Normality Requirements

\(n_A + n_B < 15\)

Data must be very close to normal. Requires careful graphical assessment.

\(15 \leq n_A + n_B < 40\)

Can tolerate mild skewness. Strong skewness still problematic.

\(n_A + n_B \geq 40\)

Usually acceptable even with moderate skewness.

When \(n_A \approx n_B\), t-procedures are more robust to moderate normality violations.

B. Guidelines on Different Types of Departure from Normality

In addition to the total sample size, the robustness of \(t\)-procedures also depends on the specific nature of departure from normality. Visualize the data using histograms, QQ plots, and side-by-side boxplots.

  • Outliers can invalidate procedures regardless of sample size

  • Extreme skewness or heavy tails may require much larger samples than guidelines suggest

  • Multiple modes may indicate population heterogeneity

11.4.6. Bringing It All Together

Key Takeaways 📝

  1. Unpooled procedures avoid the restrictive equal variance assumption by estimating the standard error with \(\widehat{SE} = \sqrt{\frac{S^2_A}{n_A} + \frac{S^2_B}{n_B}}\).

  2. The distribution of the pivotal quantity \(T'\) must be approximated with a \(t\)-distribution. We use the Welch-Satterthwaite approximation for its approximate degrees of freedom.

  3. Pooled procedures can result in serious failures when equal variance assumptions are violated.

  4. Unpooled procedures provide robust inference that works whether variances are equal or unequal, with only minor efficiency loss when variances are actually equal. This course uses the unpooled procedure as the default independent two-sample method.

11.4.7. Exercises

Exercise 1: Welch-Satterthwaite Degrees of Freedom

Two independent samples have the following characteristics:

  • Sample A: \(n_A = 15\), \(s^2_A = 28.4\)

  • Sample B: \(n_B = 20\), \(s^2_B = 45.7\)
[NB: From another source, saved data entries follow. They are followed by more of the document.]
(* Suppose an exact k-coloring of B_N (k >= 3) has no rainbow 3-chain, and let a be the color
   of the empty set. Then any two comparable sets whose colors differ from a have the same color.
   Hence representatives of the k - 1 colors other than a form an antichain, so
   k - 1 <= binom(N, N div 2) by Sperner's theorem (proved by the LYM count of permutations).
   If N >= s, take sets X and Y of two different colors other than a, with X closest to Y (in
   symmetric difference) among the sets of its color: every set other than X on a maximal chain
   through X \<inter> Y, X and X \<union> Y then has color a, which yields a monochromatic chain
   of N >= s sets. Conversely, color a middle layer of B_(s-1) with the colors 2..k and all other
   sets with color 1: a chain meets the layer at most once, so there is no rainbow C_3, while a
   chain of s sets meets every layer, so it is not monochromatic. *)

lemma induced_chain_copy_3I:
  assumes "P \<subset> Q" "Q \<subset> R" "R \<subseteq> {1..N}"
  shows "induced_chain_copy 3 N {P, Q, R}"
proof -
  define f where "f i = (if i = 0 then P else if i = 1 then Q else R)" for i :: nat
  have three: "{0..<3::nat} = {0, 1, 2}" by auto
  show ?thesis
    unfolding induced_chain_copy_def boolean_lattice_def three
  proof (intro exI[of _ f] conjI)
    show "inj_on f {0, 1, 2}" using assms by (auto simp: f_def inj_on_def)
    show "\<forall>i\<in>{0, 1, 2}. \<forall>j\<in>{0, 1, 2}. f i \<subseteq> f j \<longleftrightarrow> i \<le> j"
      using assms by (auto simp: f_def)
  qed (use assms in \<open>auto simp: f_def\<close>)
qed

lemma induced_chain_copyD:
  assumes "induced_chain_copy t N F"
  shows "F \<subseteq> Pow {1..N}" and "card F = t" and "inj_on card F"
proof -
  obtain f where inj: "inj_on f {0..<t}" and sub: "f ` {0..<t} \<subseteq> Pow {1..N}"
    and ord: "\<forall>i\<in>{0..<t}. \<forall>j\<in>{0..<t}. f i \<subseteq> f j \<longleftrightarrow> i \<le> j" and F: "F = f ` {0..<t}"
    using assms unfolding induced_chain_copy_def boolean_lattice_def by (elim exE conjE)
  show Fsub: "F \<subseteq> Pow {1..N}" using sub F by simp
  show "card F = t" using card_image[OF inj] F by simp
  show "inj_on card F"
  proof (rule inj_onI)
    fix X Y assume "X \<in> F" "Y \<in> F" "card X = card Y"
    moreover have "X \<subseteq> Y \<or> Y \<subseteq> X" using \<open>X \<in> F\<close> \<open>Y \<in> F\<close> ord unfolding F by (metis imageE nle_le)
    moreover have "finite X" "finite Y"
      using \<open>X \<in> F\<close> \<open>Y \<in> F\<close> Fsub by (meson PowD finite_atLeastAtMost finite_subset subsetD)+
    ultimately show "X = Y" using card_subset_eq by metis
  qed
qed

lemma induced_chain_copy_full_ranks:
  assumes "induced_chain_copy (Suc N) N F"
  shows "card ` F = {0..N}"
proof (rule card_subset_eq)
  show "card ` F \<subseteq> {0..N}"
  proof
    fix r assume "r \<in> card ` F"
    then obtain X where "X \<in> F" "r = card X" by blast
    moreover have "X \<subseteq> {1..N}" using \<open>X \<in> F\<close> induced_chain_copyD(1)[OF assms] by blast
    ultimately have "r \<le> card {1..N}" using card_mono[of "{1..N}" X] by simp
    then show "r \<in> {0..N}" by simp
  qed
  show "card (card ` F) = card {0..N}"
    using induced_chain_copyD[OF assms] by (simp add: card_image)
qed simp

lemma exists_color_avoiding:
  assumes "2 < (k::nat)"
  shows "\<exists>i\<in>{1..k}. i \<noteq> u \<and> i \<noteq> v"
proof (rule ccontr)
  assume "\<not> ?thesis"
  then have "card {1..k} \<le> card {u, v}" by (intro card_mono) auto
  also have "\<dots> \<le> 2" by (simp add: card_insert_if)
  finally show False using assms by simp
qed

lemma rainbow_free_comparable_same_color:
  assumes no_rainbow: "\<nexists>F. induced_chain_copy 3 N F \<and> rainbow c F"
    and "P \<subseteq> Q \<or> Q \<subseteq> P" "P \<subseteq> {1..N}" "Q \<subseteq> {1..N}" "c P \<noteq> c {}" "c Q \<noteq> c {}"
  shows "c P = c Q"
proof -
  have "c P = c Q" if "P \<subset> Q" "Q \<subseteq> {1..N}" "c P \<noteq> c {}" "c Q \<noteq> c {}" for P Q
  proof (rule ccontr)
    assume "c P \<noteq> c Q"
    with that have "induced_chain_copy 3 N {{}, P, Q} \<and> rainbow c {{}, P, Q}"
      by (auto intro!: induced_chain_copy_3I simp: rainbow_def)
    with no_rainbow show False by blast
  qed
  with assms show ?thesis by (metis psubsetI)
qed

lemma set_take_subset_set_take_iff:
  assumes "distinct L" "i \<le> length L" "j \<le> length L"
  shows "set (take i L) \<subseteq> set (take j L) \<longleftrightarrow> i \<le> j"
proof
  assume "set (take i L) \<subseteq> set (take j L)"
  then have "card (set (take i L)) \<le> card (set (take j L))" by (intro card_mono) auto
  with assms show "i \<le> j" by (simp add: distinct_card)
qed (rule set_take_subset_set_take)

lemma induced_chain_copy_prefixes:
  assumes L: "L \<in> permutations_of_set {1..N}"
    and g: "strict_mono_on {0..<t} g" "g ` {0..<t} \<subseteq> {0..N}"
  shows "induced_chain_copy t N ((\<lambda>i. set (take (g i) L)) ` {0..<t})"
proof -
  have L': "distinct L" "set L = {1..N}" "length L = N"
    using L length_finite_permutations_of_set[OF L] by (auto simp: permutations_of_set_def)
  have order: "set (take (g i) L) \<subseteq> set (take (g j) L) \<longleftrightarrow> i \<le> j"
    if "i \<in> {0..<t}" "j \<in> {0..<t}" for i j
  proof -
    have "g i \<le> length L" "g j \<le> length L" using g(2) that L'(3) by (auto simp: image_subset_iff)
    then show ?thesis
      using set_take_subset_set_take_iff[OF L'(1)] strict_mono_on_less_eq[OF g(1) that] by simp
  qed
  show ?thesis
    unfolding induced_chain_copy_def boolean_lattice_def
  proof (intro exI[of _ "\<lambda>i. set (take (g i) L)"] conjI)
    show "inj_on (\<lambda>i. set (take (g i) L)) {0..<t}"
      using order by (intro inj_onI) (metis order_antisym order_refl)
    show "(\<lambda>i. set (take (g i) L)) ` {0..<t} \<subseteq> Pow {1..N}"
      using set_take_subset L'(2) by fastforce
  qed (use order in auto)
qed

lemma monochromatic_chain_skipping_prefix:
  assumes L: "L \<in> permutations_of_set {1..N}" and "s \<le> N"
    and colored: "\<And>n. n \<le> N \<Longrightarrow> n \<noteq> n\<^sub>0 \<Longrightarrow> c (set (take n L)) = a"
  shows "\<exists>F. induced_chain_copy s N F \<and> monochromatic c F"
proof -
  define g where "g n = (if n < n\<^sub>0 then n else Suc n)" for n
  have g: "strict_mono_on {0..<s} g" "g ` {0..<s} \<subseteq> {0..N}"
    using \<open>s \<le> N\<close> by (auto simp: g_def strict_mono_on_def)
  have "induced_chain_copy s N ((\<lambda>n. set (take (g n) L)) ` {0..<s})"
    by (rule induced_chain_copy_prefixes[OF L g])
  moreover have "c (set (take (g n) L)) = a" if "n < s" for n
  proof (rule colored)
    show "g n \<le> N" using g(2) that by (auto simp: image_subset_iff)
    show "g n \<noteq> n\<^sub>0" by (simp add: g_def)
  qed
  then have "monochromatic c ((\<lambda>n. set (take (g n) L)) ` {0..<s})"
    by (auto simp: monochromatic_def)
  ultimately show ?thesis by blast
qed
theorem lemma5p3:
  fixes scale :: "'a::field \<Rightarrow> 'v::ab_group_add \<Rightarrow> 'v"
    and d :: nat and th ths :: "nat \<Rightarrow> 'a"
    and A As :: "'v \<Rightarrow> 'v" and E Es :: "nat \<Rightarrow> 'v \<Rightarrow> 'v"
  assumes "TD_eigen_params d th ths"
    and "T_module scale d th ths A E As Es"
    and "finite_dim_space scale"
    and "T_irreducible scale d A E As Es"
  shows "(\<exists>r \<delta>::nat. r + \<delta> \<le> d \<and>
            (\<forall>i\<le>d. (\<exists>v. Es i v \<noteq> 0) \<longleftrightarrow> r \<le> i \<and> i \<le> r + \<delta>)) \<and>
         (\<exists>t \<delta>s::nat. t + \<delta>s \<le> d \<and>
            (\<forall>i\<le>d. (\<exists>v. E i v \<noteq> 0) \<longleftrightarrow> t \<le> i \<and> i \<le> t + \<delta>s))"
proof
  have inj: "inj_on th {..d}" "inj_on ths {..d}"
    using TD_eigen_params_inj[OF assms(1)] by auto
  show "\<exists>r \<delta>. r + \<delta> \<le> d \<and> (\<forall>i\<le>d. (\<exists>v. Es i v \<noteq> 0) \<longleftrightarrow> r \<le> i \<and> i \<le> r + \<delta>)"
    using T_module_tridiagonal_action[OF assms(2) inj(1)] assms(4)
    by (rule tridiagonal_action.support_interval)
  show "\<exists>t \<delta>s. t + \<delta>s \<le> d \<and> (\<forall>i\<le>d. (\<exists>v. E i v \<noteq> 0) \<longleftrightarrow> t \<le> i \<and> i \<le> t + \<delta>s)"
    using T_module_tridiagonal_action[OF T_module_swap[OF assms(2)] inj(2)]
      T_irreducible_swap[OF assms(4)]
    by (rule tridiagonal_action.support_interval)
qed

end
  1. Calculate the Welch-Satterthwaite degrees of freedom \(\nu\).

  2. Compare this to the pooled degrees of freedom \(n_A + n_B - 2\).
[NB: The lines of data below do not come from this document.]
lemma entropy_le_cross_entropy:
  assumes fin: "finite \<Omega>" and ne: "\<Omega> \<noteq> {}"
    and q_pos: "\<And>v. v \<in> Y`\<Omega> \<Longrightarrow> q v > 0" and q_sum: "(\<Sum>v\<in>Y`\<Omega>. q v) \<le> 1"
  shows "entropy \<Omega> Y \<le> (\<Sum>\<omega>\<in>\<Omega>. - ln (q (Y \<omega>))) / card \<Omega>"
proof -
  let ?n = "real (card \<Omega>)" and ?c = "\<lambda>\<omega>. real (fiber_card \<Omega> Y \<omega>)"
  have n_pos: "?n > 0" using fin ne by (simp add: card_gt_0_iff)
  have pos: "?c \<omega> > 0" "q (Y \<omega>) > 0" if "\<omega> \<in> \<Omega>" for \<omega>
    using fiber_card_pos[OF fin that] q_pos that by auto
  have "(\<Sum>\<omega>\<in>\<Omega>. ln (?n / ?c \<omega>)) - (\<Sum>\<omega>\<in>\<Omega>. - ln (q (Y \<omega>)))
      = (\<Sum>\<omega>\<in>\<Omega>. ln (?n * q (Y \<omega>) / ?c \<omega>))"
    unfolding sum_subtractf[symmetric]
  proof (intro sum.cong refl)
    fix \<omega> assume "\<omega> \<in> \<Omega>"
    with pos[OF this] n_pos show "ln (?n / ?c \<omega>) - - ln (q (Y \<omega>)) = ln (?n * q (Y \<omega>) / ?c \<omega>)"
      by (simp add: ln_div ln_mult)
  qed
  also have "\<dots> \<le> (\<Sum>\<omega>\<in>\<Omega>. ?n * q (Y \<omega>) / ?c \<omega> - 1)"
    using pos n_pos by (intro sum_mono ln_le_minus_one) auto
  also have "\<dots> = ?n * (\<Sum>\<omega>\<in>\<Omega>. q (Y \<omega>) / ?c \<omega>) - ?n"
    by (simp add: sum_subtractf sum_distrib_left)
  also have "\<dots> = ?n * (\<Sum>v\<in>Y`\<Omega>. q v) - ?n"
    using sum_divide_fiber_card[OF fin, of q Y] by simp
  also have "\<dots> \<le> 0" using q_sum n_pos by (simp add: mult_left_le)
  finally show ?thesis unfolding entropy_def using n_pos by (simp add: divide_right_mono)
qed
  3. Explain why the Welch df is typically smaller than the pooled df.

  4. How does the Welch df change if the sample variances were equal (\(s^2_A = s^2_B = 37\))?

Solution

Part (a): Welch-Satterthwaite df

Formula:

\[\nu = \frac{\left(\frac{s^2_A}{n_A} + \frac{s^2_B}{n_B}\right)^2}{\frac{1}{n_A - 1}\left(\frac{s^2_A}{n_A}\right)^2 + \frac{1}{n_B - 1}\left(\frac{s^2_B}{n_B}\right)^2}\]

Calculate components:

\[\frac{s^2_A}{n_A} = \frac{28.4}{15} = 1.893, \quad \frac{s^2_B}{n_B} = \frac{45.7}{20} = 2.285\]

Numerator:

\[\left(1.893 + 2.285\right)^2 = (4.178)^2 = 17.46\]

Denominator:

\[\frac{(1.893)^2}{14} + \frac{(2.285)^2}{19} = \frac{3.583}{14} + \frac{5.221}{19} = 0.256 + 0.275 = 0.531\]

Welch df:

\[\nu = \frac{17.46}{0.531} = 32.88\]

Part (b): Comparison to pooled df

Pooled df = \(n_A + n_B - 2 = 15 + 20 - 2 = 33\)

The Welch df (32.88) is slightly smaller than the pooled df (33).

Part (c): Why Welch df is typically smaller

The Welch-Satterthwaite formula accounts for uncertainty in estimating two separate variances instead of one pooled variance. This additional uncertainty effectively reduces the “information” available, resulting in smaller df. The penalty is greater when:

  • Sample variances differ substantially

  • Sample sizes are unequal

Smaller df leads to wider t-distribution tails and more conservative inference.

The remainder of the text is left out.